Data records:
-- -- --

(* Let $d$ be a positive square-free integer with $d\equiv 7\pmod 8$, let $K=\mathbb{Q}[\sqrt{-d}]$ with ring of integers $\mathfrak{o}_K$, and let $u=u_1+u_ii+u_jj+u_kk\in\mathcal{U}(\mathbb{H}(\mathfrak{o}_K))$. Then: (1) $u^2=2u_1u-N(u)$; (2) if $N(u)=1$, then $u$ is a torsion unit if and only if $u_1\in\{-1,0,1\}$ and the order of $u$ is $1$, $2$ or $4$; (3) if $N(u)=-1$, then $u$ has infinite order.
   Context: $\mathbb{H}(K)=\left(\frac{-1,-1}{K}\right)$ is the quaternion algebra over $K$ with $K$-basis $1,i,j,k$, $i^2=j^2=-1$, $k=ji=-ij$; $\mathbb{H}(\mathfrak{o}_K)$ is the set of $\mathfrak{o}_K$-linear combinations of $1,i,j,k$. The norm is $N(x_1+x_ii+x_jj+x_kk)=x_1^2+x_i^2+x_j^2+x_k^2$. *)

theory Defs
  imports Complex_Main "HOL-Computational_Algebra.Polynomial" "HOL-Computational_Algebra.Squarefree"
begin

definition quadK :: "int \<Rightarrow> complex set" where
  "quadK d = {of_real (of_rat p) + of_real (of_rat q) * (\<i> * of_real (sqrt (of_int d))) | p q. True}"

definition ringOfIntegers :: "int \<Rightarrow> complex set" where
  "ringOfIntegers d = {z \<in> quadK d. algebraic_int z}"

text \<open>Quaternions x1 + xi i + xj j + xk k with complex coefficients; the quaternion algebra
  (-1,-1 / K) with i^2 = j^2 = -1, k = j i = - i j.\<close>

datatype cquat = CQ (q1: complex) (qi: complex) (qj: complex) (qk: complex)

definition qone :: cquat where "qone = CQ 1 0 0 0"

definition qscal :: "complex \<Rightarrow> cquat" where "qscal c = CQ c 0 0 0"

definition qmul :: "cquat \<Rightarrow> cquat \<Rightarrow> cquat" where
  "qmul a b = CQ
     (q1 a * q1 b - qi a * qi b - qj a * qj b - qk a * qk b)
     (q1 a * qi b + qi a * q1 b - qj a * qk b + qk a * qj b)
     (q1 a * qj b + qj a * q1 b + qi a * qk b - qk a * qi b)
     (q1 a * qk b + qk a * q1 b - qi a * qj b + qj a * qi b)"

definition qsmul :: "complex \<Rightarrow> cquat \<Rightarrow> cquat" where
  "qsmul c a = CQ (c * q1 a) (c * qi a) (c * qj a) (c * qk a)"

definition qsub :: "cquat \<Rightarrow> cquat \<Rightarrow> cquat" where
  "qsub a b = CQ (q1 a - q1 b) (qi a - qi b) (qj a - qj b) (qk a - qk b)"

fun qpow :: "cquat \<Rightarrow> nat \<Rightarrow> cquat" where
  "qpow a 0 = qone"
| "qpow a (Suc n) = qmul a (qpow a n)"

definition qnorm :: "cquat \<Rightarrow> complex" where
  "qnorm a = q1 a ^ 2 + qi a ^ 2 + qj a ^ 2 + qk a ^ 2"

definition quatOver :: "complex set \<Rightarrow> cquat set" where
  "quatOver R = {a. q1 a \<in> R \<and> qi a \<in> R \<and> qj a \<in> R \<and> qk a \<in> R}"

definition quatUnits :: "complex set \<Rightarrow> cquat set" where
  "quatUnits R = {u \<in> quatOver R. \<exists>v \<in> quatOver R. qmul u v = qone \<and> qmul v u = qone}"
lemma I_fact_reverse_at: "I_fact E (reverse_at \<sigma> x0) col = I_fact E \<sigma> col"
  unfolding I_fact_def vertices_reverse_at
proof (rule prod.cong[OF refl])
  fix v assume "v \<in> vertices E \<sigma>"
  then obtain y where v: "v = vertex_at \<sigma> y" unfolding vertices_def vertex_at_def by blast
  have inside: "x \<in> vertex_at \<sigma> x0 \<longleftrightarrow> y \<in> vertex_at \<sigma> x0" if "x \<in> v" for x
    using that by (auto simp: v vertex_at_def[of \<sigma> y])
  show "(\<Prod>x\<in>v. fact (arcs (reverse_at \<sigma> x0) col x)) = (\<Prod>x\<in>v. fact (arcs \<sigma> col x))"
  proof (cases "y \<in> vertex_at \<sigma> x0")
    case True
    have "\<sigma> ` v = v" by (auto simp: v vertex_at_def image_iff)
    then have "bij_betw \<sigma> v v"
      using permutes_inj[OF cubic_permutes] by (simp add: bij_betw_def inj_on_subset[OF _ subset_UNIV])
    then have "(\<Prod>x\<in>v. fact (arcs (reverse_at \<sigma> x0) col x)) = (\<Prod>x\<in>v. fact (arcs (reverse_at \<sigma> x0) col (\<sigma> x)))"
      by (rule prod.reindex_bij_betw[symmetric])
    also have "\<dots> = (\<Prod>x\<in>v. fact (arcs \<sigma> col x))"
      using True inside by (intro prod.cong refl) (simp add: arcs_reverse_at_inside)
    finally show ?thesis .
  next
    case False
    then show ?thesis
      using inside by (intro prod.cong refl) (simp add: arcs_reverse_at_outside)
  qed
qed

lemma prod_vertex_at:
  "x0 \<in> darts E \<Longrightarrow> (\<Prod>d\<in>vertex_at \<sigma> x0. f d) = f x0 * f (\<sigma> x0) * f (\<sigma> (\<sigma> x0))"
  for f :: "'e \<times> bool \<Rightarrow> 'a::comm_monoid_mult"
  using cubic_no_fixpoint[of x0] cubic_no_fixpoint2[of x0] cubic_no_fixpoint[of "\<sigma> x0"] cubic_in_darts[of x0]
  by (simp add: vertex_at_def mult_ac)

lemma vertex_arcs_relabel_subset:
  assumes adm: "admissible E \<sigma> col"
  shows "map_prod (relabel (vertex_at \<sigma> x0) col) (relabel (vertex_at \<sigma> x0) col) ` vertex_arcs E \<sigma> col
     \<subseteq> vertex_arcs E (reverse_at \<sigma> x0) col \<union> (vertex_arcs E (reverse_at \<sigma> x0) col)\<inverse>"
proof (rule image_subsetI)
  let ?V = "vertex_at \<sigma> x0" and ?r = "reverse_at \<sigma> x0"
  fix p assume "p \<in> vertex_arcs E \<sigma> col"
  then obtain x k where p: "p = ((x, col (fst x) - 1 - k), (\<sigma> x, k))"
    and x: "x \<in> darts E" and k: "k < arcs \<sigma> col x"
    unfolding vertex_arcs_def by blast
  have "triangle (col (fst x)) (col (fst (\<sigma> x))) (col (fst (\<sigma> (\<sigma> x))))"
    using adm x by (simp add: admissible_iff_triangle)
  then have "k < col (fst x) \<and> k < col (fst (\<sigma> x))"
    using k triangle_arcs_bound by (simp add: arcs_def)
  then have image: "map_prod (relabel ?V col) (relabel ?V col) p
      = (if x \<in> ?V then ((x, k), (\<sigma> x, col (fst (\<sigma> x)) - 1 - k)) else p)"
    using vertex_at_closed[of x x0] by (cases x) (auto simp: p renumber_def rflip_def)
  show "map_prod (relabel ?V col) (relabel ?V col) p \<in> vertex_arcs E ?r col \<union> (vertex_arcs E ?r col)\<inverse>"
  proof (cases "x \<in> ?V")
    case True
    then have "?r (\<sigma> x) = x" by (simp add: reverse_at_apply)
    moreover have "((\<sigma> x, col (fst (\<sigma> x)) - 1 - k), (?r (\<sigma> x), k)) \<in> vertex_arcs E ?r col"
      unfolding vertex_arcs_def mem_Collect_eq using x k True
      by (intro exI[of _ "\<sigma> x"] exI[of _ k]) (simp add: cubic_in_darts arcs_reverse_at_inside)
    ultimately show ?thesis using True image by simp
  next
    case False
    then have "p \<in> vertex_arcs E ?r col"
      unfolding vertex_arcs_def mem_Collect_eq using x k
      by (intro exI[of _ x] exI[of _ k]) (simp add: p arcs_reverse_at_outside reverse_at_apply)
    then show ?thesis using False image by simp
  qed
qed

-- -- --

What you have to do: Quote only the stretch of lines that starts the data above and ends with the line containing "(of_rat p) +", both included.

Solution to this exercise:
(* Let $d$ be a positive square-free integer with $d\equiv 7\pmod 8$, let $K=\mathbb{Q}[\sqrt{-d}]$ with ring of integers $\mathfrak{o}_K$, and let $u=u_1+u_ii+u_jj+u_kk\in\mathcal{U}(\mathbb{H}(\mathfrak{o}_K))$. Then: (1) $u^2=2u_1u-N(u)$; (2) if $N(u)=1$, then $u$ is a torsion unit if and only if $u_1\in\{-1,0,1\}$ and the order of $u$ is $1$, $2$ or $4$; (3) if $N(u)=-1$, then $u$ has infinite order.
   Context: $\mathbb{H}(K)=\left(\frac{-1,-1}{K}\right)$ is the quaternion algebra over $K$ with $K$-basis $1,i,j,k$, $i^2=j^2=-1$, $k=ji=-ij$; $\mathbb{H}(\mathfrak{o}_K)$ is the set of $\mathfrak{o}_K$-linear combinations of $1,i,j,k$. The norm is $N(x_1+x_ii+x_jj+x_kk)=x_1^2+x_i^2+x_j^2+x_k^2$. *)

theory Defs
  imports Complex_Main "HOL-Computational_Algebra.Polynomial" "HOL-Computational_Algebra.Squarefree"
begin

definition quadK :: "int \<Rightarrow> complex set" where
  "quadK d = {of_real (of_rat p) + of_real (of_rat q) * (\<i> * of_real (sqrt (of_int d))) | p q. True}"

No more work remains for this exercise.